▶ [Stored items from a collection]
*** Begin section ***

(* Fix $T>0$, $C_0>0$ and $\gamma>0$, and suppose (A3), (A4) hold. On the event $\{\|\mathbf X\|_{op}\le C_0\}$ there is a constant $C>0$, depending on $T$, $C_0$ (and on $\beta,\delta$ and the constants in (A3)–(A4)) but not on $\gamma$ or on $n,d$, such that for every realization of the noise, $$\max_{0\le s\le t\le T/\gamma}\max_{j\in[d]}\Big[\big\|\partial_\varepsilon|_{\varepsilon=0}\boldsymbol\theta^{t,(s,j),\varepsilon}\big\|+\sqrt d\,\big\|\partial_\varepsilon|_{\varepsilon=0}\widehat\alpha^{t,(s,j),\varepsilon}\big\|\Big]\le C\gamma,$$ $$\max_{0\le s\le t\le T/\gamma}\max_{i\in[n]}\Big[\big\|\partial_\varepsilon|_{\varepsilon=0}\boldsymbol\theta^{t,[s,i],\varepsilon}\big\|+\sqrt d\,\big\|\partial_\varepsilon|_{\varepsilon=0}\widehat\alpha^{t,[s,i],\varepsilon}\big\|\Big]\le C\gamma,$$ where $s,t$ range over integers.
   Context: (A3) $s:\mathbb R\times\mathbb R^K\to\mathbb R$ is $C^2$ with $|s(\theta,\alpha)|\le C(1+|\theta|+\|\alpha\|)$ and $\|\nabla_{(\theta,\alpha)}s\|_2,\|\nabla^2_{(\theta,\alpha)}s\|_{op}\le C$. (A4) $\mathcal G:\mathbb R^K\times\mathcal P_2(\mathbb R)\to\mathbb R^K$ satisfies $\|\mathcal G(\alpha,\mathsf P)\|\le C(1+\|\alpha\|+(\mathbb E_{\mathsf P}\theta^2)^{1/2})$, $\|\mathcal G(\alpha,\mathsf P)-\mathcal G(\alpha',\mathsf P')\|\le C(\|\alpha-\alpha'\|+W_2(\mathsf P,\mathsf P'))$, and with $\widehat{\mathsf P}(\boldsymbol\theta)=\frac1d\sum_j\delta_{\theta_j}$ each $(\boldsymbol\theta,\alpha)\mapsto\mathcal G_k(\alpha,\widehat{\mathsf P}(\boldsymbol\theta))$ is $C^2$ with $\|\nabla_\alpha\mathcal G_k\|\le C$, $\sqrt d\|\nabla_{\boldsymbol\theta}\mathcal G_k\|\le C$, $d\|\nabla^2_{\boldsymbol\theta}\mathcal G_k\|_{op}\le C$, $\sqrt d\|\nabla_{\boldsymbol\theta}\nabla_\alpha\mathcal G_k\|_{op}\le C$, $\|\nabla^2_\alpha\mathcal G_k\|_{op}\le C$, with $C$ independent of $d$. Here $\mathbf X\in\mathbb R^{n\times d}$, $\mathbf y\in\mathbb R^n$, $\beta\in\mathbb R$, with $n/d$ bounded. Perturbed discrete dynamics. For integer $s\ge0$, $j\in[d]$, $\varepsilon\in\mathbb R$: $\boldsymbol\theta^{t+1,(s,j),\varepsilon}=\boldsymbol\theta^{t,(s,j),\varepsilon}-\gamma[\beta\mathbf X^\top(\mathbf X\boldsymbol\theta^{t,(s,j),\varepsilon}-\mathbf y)-(s(\theta^{t,(s,j),\varepsilon}_k,\widehat\alpha^{t,(s,j),\varepsilon}))_k-\varepsilon\mathbf e_j\mathbf 1_{t=s}]+\sqrt2(\mathbf b^{t+1}-\mathbf b^t)$, $\widehat\alpha^{t+1,(s,j),\varepsilon}=\widehat\alpha^{t,(s,j),\varepsilon}+\gamma\mathcal G(\widehat\alpha^{t,(s,j),\varepsilon},\widehat{\mathsf P}(\boldsymbol\theta^{t,(s,j),\varepsilon}))$. For $i\in[n]$, $(\boldsymbol\theta^{t,[s,i],\varepsilon},\widehat\alpha^{t,[s,i],\varepsilon})$ is defined identically with $\varepsilon\mathbf e_j$ replaced by $\varepsilon\mathbf X^\top\mathbf e_i$. All start from the same initial condition $(\boldsymbol\theta^0,\widehat\alpha^0)$ and use the same noise $\mathbf b^t$ (with $\mathbf b^0=0$ and increments $\mathcal N(0,\gamma\mathbf I_d)$). Here $\mathbf e_j$ denotes the $j$-th standard basis vector. *)

theory Defs
  imports "HOL-Probability.Probability"
begin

*** End section ***

▶ [Task statement] Return the records above in their entirety, exactly as they appear.

▶ [Solution]
(* Fix $T>0$, $C_0>0$ and $\gamma>0$, and suppose (A3), (A4) hold. On the event $\{\|\mathbf X\|_{op}\le C_0\}$ there is a constant $C>0$, depending on $T$, $C_0$ (and on $\beta,\delta$ and the constants in (A3)–(A4)) but not on $\gamma$ or on $n,d$, such that for every realization of the noise, $$\max_{0\le s\le t\le T/\gamma}\max_{j\in[d]}\Big[\big\|\partial_\varepsilon|_{\varepsilon=0}\boldsymbol\theta^{t,(s,j),\varepsilon}\big\|+\sqrt d\,\big\|\partial_\varepsilon|_{\varepsilon=0}\widehat\alpha^{t,(s,j),\varepsilon}\big\|\Big]\le C\gamma,$$ $$\max_{0\le s\le t\le T/\gamma}\max_{i\in[n]}\Big[\big\|\partial_\varepsilon|_{\varepsilon=0}\boldsymbol\theta^{t,[s,i],\varepsilon}\big\|+\sqrt d\,\big\|\partial_\varepsilon|_{\varepsilon=0}\widehat\alpha^{t,[s,i],\varepsilon}\big\|\Big]\le C\gamma,$$ where $s,t$ range over integers.
   Context: (A3) $s:\mathbb R\times\mathbb R^K\to\mathbb R$ is $C^2$ with $|s(\theta,\alpha)|\le C(1+|\theta|+\|\alpha\|)$ and $\|\nabla_{(\theta,\alpha)}s\|_2,\|\nabla^2_{(\theta,\alpha)}s\|_{op}\le C$. (A4) $\mathcal G:\mathbb R^K\times\mathcal P_2(\mathbb R)\to\mathbb R^K$ satisfies $\|\mathcal G(\alpha,\mathsf P)\|\le C(1+\|\alpha\|+(\mathbb E_{\mathsf P}\theta^2)^{1/2})$, $\|\mathcal G(\alpha,\mathsf P)-\mathcal G(\alpha',\mathsf P')\|\le C(\|\alpha-\alpha'\|+W_2(\mathsf P,\mathsf P'))$, and with $\widehat{\mathsf P}(\boldsymbol\theta)=\frac1d\sum_j\delta_{\theta_j}$ each $(\boldsymbol\theta,\alpha)\mapsto\mathcal G_k(\alpha,\widehat{\mathsf P}(\boldsymbol\theta))$ is $C^2$ with $\|\nabla_\alpha\mathcal G_k\|\le C$, $\sqrt d\|\nabla_{\boldsymbol\theta}\mathcal G_k\|\le C$, $d\|\nabla^2_{\boldsymbol\theta}\mathcal G_k\|_{op}\le C$, $\sqrt d\|\nabla_{\boldsymbol\theta}\nabla_\alpha\mathcal G_k\|_{op}\le C$, $\|\nabla^2_\alpha\mathcal G_k\|_{op}\le C$, with $C$ independent of $d$. Here $\mathbf X\in\mathbb R^{n\times d}$, $\mathbf y\in\mathbb R^n$, $\beta\in\mathbb R$, with $n/d$ bounded. Perturbed discrete dynamics. For integer $s\ge0$, $j\in[d]$, $\varepsilon\in\mathbb R$: $\boldsymbol\theta^{t+1,(s,j),\varepsilon}=\boldsymbol\theta^{t,(s,j),\varepsilon}-\gamma[\beta\mathbf X^\top(\mathbf X\boldsymbol\theta^{t,(s,j),\varepsilon}-\mathbf y)-(s(\theta^{t,(s,j),\varepsilon}_k,\widehat\alpha^{t,(s,j),\varepsilon}))_k-\varepsilon\mathbf e_j\mathbf 1_{t=s}]+\sqrt2(\mathbf b^{t+1}-\mathbf b^t)$, $\widehat\alpha^{t+1,(s,j),\varepsilon}=\widehat\alpha^{t,(s,j),\varepsilon}+\gamma\mathcal G(\widehat\alpha^{t,(s,j),\varepsilon},\widehat{\mathsf P}(\boldsymbol\theta^{t,(s,j),\varepsilon}))$. For $i\in[n]$, $(\boldsymbol\theta^{t,[s,i],\varepsilon},\widehat\alpha^{t,[s,i],\varepsilon})$ is defined identically with $\varepsilon\mathbf e_j$ replaced by $\varepsilon\mathbf X^\top\mathbf e_i$. All start from the same initial condition $(\boldsymbol\theta^0,\widehat\alpha^0)$ and use the same noise $\mathbf b^t$ (with $\mathbf b^0=0$ and increments $\mathcal N(0,\gamma\mathbf I_d)$). Here $\mathbf e_j$ denotes the $j$-th standard basis vector. *)

theory Defs
  imports "HOL-Probability.Probability"
begin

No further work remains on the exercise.